What you will do:
The line containing "class complex_inner = real_inner +" marks the start; return it and every line after it in the listing below, exactly, through the last.
════════════════
(* Let $\mathcal E$ and $\mathcal F$ be product systems with normalized units $u^0$ and $v^0$ respectively, let $C_t=|u^0_t\rangle\langle v^0_t|:\mathcal F_t\to\mathcal E_t$, and let $\sigma$ be the common unit of $\mathcal E\otimes_C\mathcal F$ obtained by identifying $u^0$ and $v^0$ (i.e. $\sigma_t=I_t(u^0_t)=J_t(v^0_t)$). Then $\mathcal R^{\mathcal E\otimes_C\mathcal F}_\sigma=\mathcal R^{\mathcal E}_{u^0}\oplus\mathcal R^{\mathcal F}_{v^0}$, an orthogonal direct sum (with $\mathcal R^{\mathcal E}_{u^0}$ and $\mathcal R^{\mathcal F}_{v^0}$ embedded via $I_1$ and $J_1$).
   Context: Product systems are measurable families of separable Hilbert spaces $(\mathcal E_t)_{t>0}$ with associative unitaries $W_{s,t}:\mathcal E_{s+t}\to\mathcal E_s\otimes\mathcal E_t$. A unit is a measurable section $(u_t)$ of nonzero vectors with $W_{s,t}u_{s+t}=u_s\otimes u_t$, normalized if $\|u_t\|=1$. For a contractive morphism $C$ (contractions $C_t:\mathcal F_t\to\mathcal E_t$ with $W^{\mathcal E}_{s,t}C_{s+t}=(C_s\otimes C_t)W^{\mathcal F}_{s,t}$), the amalgamated product $\mathcal E\otimes_C\mathcal F$ is the algebraic product system $\mathcal G$ with isometric morphisms $I:\mathcal E\to\mathcal G$, $J:\mathcal F\to\mathcal G$ satisfying $\langle I_sx,J_sy\rangle=\langle x,C_sy\rangle$ and generated by $I(\mathcal E)$ and $J(\mathcal F)$. An additive unit of a unit $u$ is a measurable section $(a_t)$ with $W_{s,t}a_{s+t}=a_s\otimes u_t+u_s\otimes a_t$; a root additionally satisfies $\langle a_t,u_t\rangle=0$ for all $t$; $\mathcal R^{\mathcal E}_u:=\{a_1:a \text{ a root of } u\}\subset\mathcal E_1$. *)

theory Defs
  imports "HOL-Analysis.Analysis"
begin

text \<open>The library only has real inner product spaces. The complex inner product
  (conjugate-linear in the first, linear in the second argument) is then recovered from
  the real one; its real part is the real inner product.\<close>

class complex_inner = real_inner +
  fixes scaleC :: "complex \<Rightarrow> 'a \<Rightarrow> 'a"
  assumes scaleC_add_right: "scaleC a (x + y) = scaleC a x + scaleC a y"
    and scaleC_add_left: "scaleC (a + b) x = scaleC a x + scaleC b x"
    and scaleC_scaleC: "scaleC a (scaleC b x) = scaleC (a * b) x"
    and scaleC_of_real: "scaleC (complex_of_real r) x = scaleR r x"
    and inner_scaleC_ii: "inner (scaleC \<i> x) (scaleC \<i> y) = inner x y"

definition cinner :: "'a::complex_inner \<Rightarrow> 'a \<Rightarrow> complex" where
  "cinner x y = complex_of_real (inner x y) - \<i> * complex_of_real (inner x (scaleC \<i> y))"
════════════════
Exercise answer:
class complex_inner = real_inner +
  fixes scaleC :: "complex \<Rightarrow> 'a \<Rightarrow> 'a"
  assumes scaleC_add_right: "scaleC a (x + y) = scaleC a x + scaleC a y"
    and scaleC_add_left: "scaleC (a + b) x = scaleC a x + scaleC b x"
    and scaleC_scaleC: "scaleC a (scaleC b x) = scaleC (a * b) x"
    and scaleC_of_real: "scaleC (complex_of_real r) x = scaleR r x"
    and inner_scaleC_ii: "inner (scaleC \<i> x) (scaleC \<i> y) = inner x y"

definition cinner :: "'a::complex_inner \<Rightarrow> 'a \<Rightarrow> complex" where
  "cinner x y = complex_of_real (inner x y) - \<i> * complex_of_real (inner x (scaleC \<i> y))"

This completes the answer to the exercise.